### YOUR ASSIGNMENT
When you reach the line that contains "proof (rule DERIV_neg_imp_decreasing_open[OF" in the data below, start reproducing lines exactly, and stop after the line that contains "0 \<Longrightarrow> p_exp".

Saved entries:

(* Fix $\alpha>1$, $R>0$, $T>1$ and $\beta,\delta,\mu>0$ with $K_{max}:=\min\big(\frac T4,\frac1{3\mu},\frac{3\beta}{2\mu}\big)>10$. For $\rho_r>0$ let $\Theta(\rho_r)=(\alpha,\rho_r,\beta\rho_r,\delta\rho_r,\mu\rho_r,T)$. Consider the set $I$ of $\rho_r>0$ satisfying $$\rho_r>\frac{\alpha}{2\delta},\qquad \rho_r>\frac{3\alpha}{4(1+\beta)^2R}g^2\Big(\frac{4R}{3K_{max}}\Big),\qquad \rho_r<\frac{\alpha}{(1+\beta)^2}\frac{g^2(R)}{R}.$$ Then on $I$, both $K'_{csi}(R,\Theta(\rho_r))$ and $M'_{csi}(R,\Theta(\rho_r))$ increase monotonically as $\rho_r$ decreases.
   Context: $g(x)=\sqrt{\frac{x}{2^x-1}}\big(2^x x\ln2-2^x+1\big)$, $x>0$. For $\Theta=(\alpha,\rho_r,\rho_d,\rho_s,\rho_0,T)$ and real $M>K\ge1$, $\frac{1}{\zeta_{csi}(M,K,R,\Theta)}=\frac1R\big[\frac{\alpha K}{M-K}(2^{R/K}-1)+M\rho_r+K\rho_d+\rho_s\big]$. $(M'_{csi}(R,\Theta),K'_{csi}(R,\Theta))$ denotes the maximizer (which exists and is unique) of $\zeta_{csi}(M,K,R,\Theta)$ over real $(M,K)$ with $1\le K\le\min\big(\frac T4,\frac{\rho_r}{3\rho_0},\frac{3\rho_d}{2\rho_0}\big)$, $M>K$. *)

theory Defs
  imports Complex_Main
begin

definition g :: "real \<Rightarrow> real" where
  "g x = sqrt (x / (2 powr x - 1)) * (2 powr x * x * ln 2 - 2 powr x + 1)"

type_synonym params = "real \<times> real \<times> real \<times> real \<times> real \<times> real"

definition zeta_csi :: "real \<Rightarrow> real \<Rightarrow> real \<Rightarrow> params \<Rightarrow> real" where
  "zeta_csi M K R \<Theta> = (case \<Theta> of (\<alpha>, \<rho>r, \<rho>d, \<rho>s, \<rho>0, T) \<Rightarrow>
     1 / ((1 / R) * (\<alpha> * K / (M - K) * (2 powr (R / K) - 1) + M * \<rho>r + K * \<rho>d + \<rho>s)))"

definition feasible_csi :: "params \<Rightarrow> (real \<times> real) set" where
  "feasible_csi \<Theta> = (case \<Theta> of (\<alpha>, \<rho>r, \<rho>d, \<rho>s, \<rho>0, T) \<Rightarrow>
     {(M, K). 1 \<le> K \<and> K \<le> min (T / 4) (min (\<rho>r / (3 * \<rho>0)) (3 * \<rho>d / (2 * \<rho>0))) \<and> M > K})"

definition opt_csi :: "real \<Rightarrow> params \<Rightarrow> real \<times> real" where
  "opt_csi R \<Theta> = (THE p. p \<in> feasible_csi \<Theta> \<and>
       (\<forall>q \<in> feasible_csi \<Theta>. zeta_csi (fst q) (snd q) R \<Theta> \<le> zeta_csi (fst p) (snd p) R \<Theta>))"

definition M'_csi :: "real \<Rightarrow> params \<Rightarrow> real" where "M'_csi R \<Theta> = fst (opt_csi R \<Theta>)"
definition K'_csi :: "real \<Rightarrow> params \<Rightarrow> real" where "K'_csi R \<Theta> = snd (opt_csi R \<Theta>)"

end

theory Submission
  imports Defs
begin

text \<open>
  Write \<open>h K = K * (2 powr (R / K) - 1)\<close>. Then \<open>R / zeta_csi M K R \<Theta>\<close> is
  \<open>\<alpha> h K / (M - K) + \<rho>r (M - K) + (\<rho>r + \<rho>d) K + \<rho>s\<close>; completing the square in \<open>M - K\<close>
  shows that for fixed \<open>K\<close> the best gap is \<open>sqrt (\<alpha> h K / \<rho>r)\<close>, leaving the reduced cost
  \<open>F K = 2 sqrt (\<alpha> \<rho>r h K) + (\<rho>r + \<rho>d) K\<close>. Its derivative is
  \<open>(\<rho>r + \<rho>d) - sqrt (\<alpha> \<rho>r / R) g (R / K)\<close>, and \<open>g\<close> is strictly increasing, so \<open>F\<close> has a
  unique minimiser \<open>K'\<close>, the solution of \<open>g (R / K') = (1 + \<beta>) sqrt (\<rho>r R / \<alpha>)\<close>. The bounds
  defining \<open>I\<close> put this level between \<open>g (R / Kmax)\<close> and \<open>g R\<close>, so \<open>K'\<close> is feasible.
  The level grows with \<open>\<rho>r\<close>, hence \<open>K'\<close> shrinks; and at \<open>K'\<close> the optimal gap equals
  \<open>(1 + \<beta>) R ln 2 / p (R ln 2 / K')\<close> with \<open>p\<close> increasing, so \<open>M'\<close> is an increasing function
  of \<open>K'\<close>.
\<close>

lemma DERIV_pos_imp_strict_mono_on:
  fixes f f' :: "real \<Rightarrow> real"
  assumes "\<And>x. c < x \<Longrightarrow> (f has_real_derivative f' x) (at x)"
    and "\<And>x. c < x \<Longrightarrow> f' x > 0"
  shows "strict_mono_on {c<..} f"
proof (rule strict_mono_onI)
  fix a b assume "a \<in> {c<..}" "a < b"
  show "f a < f b"
  proof (rule DERIV_pos_imp_increasing[OF \<open>a < b\<close>])
    fix x assume "a \<le> x" "x \<le> b"
    with \<open>a \<in> {c<..}\<close> have "c < x" by simp
    with assms show "\<exists>y. (f has_real_derivative y) (at x) \<and> 0 < y" by blast
  qed
qed

lemma DERIV_sign_change_imp_strict_min:
  fixes f f' :: "real \<Rightarrow> real"
  assumes deriv: "\<And>x. c < x \<Longrightarrow> (f has_real_derivative f' x) (at x)"
    and neg: "\<And>x. c < x \<Longrightarrow> x < x0 \<Longrightarrow> f' x < 0"
    and pos: "\<And>x. x0 < x \<Longrightarrow> f' x > 0"
    and "c < x0" "c < x" "x \<noteq> x0"
  shows "f x0 < f x"
proof -
  have cont: "continuous_on {a..b} f" if "c < a" for a b
  proof (rule DERIV_atLeastAtMost_imp_continuous_on)
    fix y assume "a \<le> y" "y \<le> b"
    with that have "c < y" by simp
    with deriv show "\<exists>z. (f has_real_derivative z) (at y)" by blast
  qed
  consider "x < x0" | "x0 < x" using \<open>x \<noteq> x0\<close> by linarith
  then show ?thesis
  proof cases
    case 1
    show ?thesis
    proof (rule DERIV_neg_imp_decreasing_open[OF 1 _ cont])
      fix y assume "x < y" "y < x0"
      with \<open>c < x\<close> have "c < y" by simp
      with deriv neg \<open>y < x0\<close> show "\<exists>z. (f has_real_derivative z) (at y) \<and> z < 0" by blast
    qed (fact \<open>c < x\<close>)
  next
    case 2
    show ?thesis
    proof (rule DERIV_pos_imp_increasing_open[OF 2 _ cont])
      fix y assume "x0 < y" "y < x"
      with \<open>c < x0\<close> have "c < y" by simp
      with deriv pos \<open>x0 < y\<close> show "\<exists>z. (f has_real_derivative z) (at y) \<and> 0 < z" by blast
    qed (fact \<open>c < x0\<close>)
  qed
qed

lemma one_plus_less_exp: "u \<noteq> 0 \<Longrightarrow> 1 + u < exp (u::real)"
  using exp_minus_greater[of "-u"] by simp

text \<open>The substitution \<open>u = x ln 2\<close> turns the base-2 expressions in \<open>g\<close> into these.\<close>

definition q_exp :: "real \<Rightarrow> real" where
  "q_exp u = u * exp u - exp u + 1"

definition w_exp :: "real \<Rightarrow> real" where
  "w_exp u = q_exp u ^ 2 / (exp u - 1)"

definition p_exp :: "real \<Rightarrow> real" where
  "p_exp u = u * q_exp u / (exp u - 1)"

lemma q_exp_pos: assumes "u > 0" shows "q_exp u > 0"
proof -
  have "exp u * (1 - u) < exp u * exp (-u)"
    using exp_minus_greater[of u] assms by simp
  then show ?thesis
    by (simp add: q_exp_def exp_minus algebra_simps)
qed

lemma has_real_derivative_q_exp: "(q_exp has_real_derivative u * exp u) (at u)"
  unfolding q_exp_def[abs_def] by (auto intro!: derivative_eq_intros)

lemma w_exp_pos: "u > 0 \<Longrightarrow> w_exp u > 0"
  unfolding w_exp_def using q_exp_pos[of u] by simp

lemma p_exp_pos: "u > 0 \<Longrightarrow> p_exp u > 0"
  unfolding p_exp_def using q_exp_pos[of u] by simp

lemma strict_mono_on_w_exp: "strict_mono_on {0<..} w_exp"
proof (rule DERIV_pos_imp_strict_mono_on)
  fix u :: real assume u: "0 < u"
  have "exp u - 1 \<noteq> 0" using u by simp
  then have "(w_exp has_real_derivative
      (2 * q_exp u * (u * exp u) * (exp u - 1) - q_exp u ^ 2 * exp u) / (exp u - 1) ^ 2) (at u)"
    unfolding w_exp_def[abs_def]
    by (auto intro!: derivative_eq_intros has_real_derivative_q_exp simp: power2_eq_square)
  moreover have "2 * q_exp u * (u * exp u) * (exp u - 1) - q_exp u ^ 2 * exp u
      = q_exp u * exp u * ((1 + u) * (exp u - 1 - u) + u ^ 2)"
    by (simp add: q_exp_def power2_eq_square algebra_simps)
  ultimately show "(w_exp has_real_derivative
      q_exp u * exp u * ((1 + u) * (exp u - 1 - u) + u ^ 2) / (exp u - 1) ^ 2) (at u)"
    by simp
  have "(1 + u) * (exp u - 1 - u) + u ^ 2 > 0"
    using one_plus_less_exp[of u] u by (intro add_pos_pos mult_pos_pos) auto
  then show "q_exp u * exp u * ((1 + u) * (exp u - 1 - u) + u ^ 2) / (exp u - 1) ^ 2 > 0"
    using q_exp_pos[OF u] u by simp
qed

### TASK ANSWER
    proof (rule DERIV_neg_imp_decreasing_open[OF 1 _ cont])
      fix y assume "x < y" "y < x0"
      with \<open>c < x\<close> have "c < y" by simp
      with deriv neg \<open>y < x0\<close> show "\<exists>z. (f has_real_derivative z) (at y) \<and> z < 0" by blast
    qed (fact \<open>c < x\<close>)
  next
    case 2
    show ?thesis
    proof (rule DERIV_pos_imp_increasing_open[OF 2 _ cont])
      fix y assume "x0 < y" "y < x"
      with \<open>c < x0\<close> have "c < y" by simp
      with deriv pos \<open>x0 < y\<close> show "\<exists>z. (f has_real_derivative z) (at y) \<and> 0 < z" by blast
    qed (fact \<open>c < x0\<close>)
  qed
qed

lemma one_plus_less_exp: "u \<noteq> 0 \<Longrightarrow> 1 + u < exp (u::real)"
  using exp_minus_greater[of "-u"] by simp

text \<open>The substitution \<open>u = x ln 2\<close> turns the base-2 expressions in \<open>g\<close> into these.\<close>

definition q_exp :: "real \<Rightarrow> real" where
  "q_exp u = u * exp u - exp u + 1"

definition w_exp :: "real \<Rightarrow> real" where
  "w_exp u = q_exp u ^ 2 / (exp u - 1)"

definition p_exp :: "real \<Rightarrow> real" where
  "p_exp u = u * q_exp u / (exp u - 1)"

lemma q_exp_pos: assumes "u > 0" shows "q_exp u > 0"
proof -
  have "exp u * (1 - u) < exp u * exp (-u)"
    using exp_minus_greater[of u] assms by simp
  then show ?thesis
    by (simp add: q_exp_def exp_minus algebra_simps)
qed

lemma has_real_derivative_q_exp: "(q_exp has_real_derivative u * exp u) (at u)"
  unfolding q_exp_def[abs_def] by (auto intro!: derivative_eq_intros)

lemma w_exp_pos: "u > 0 \<Longrightarrow> w_exp u > 0"
  unfolding w_exp_def using q_exp_pos[of u] by simp

lemma p_exp_pos: "u > 0 \<Longrightarrow> p_exp u > 0"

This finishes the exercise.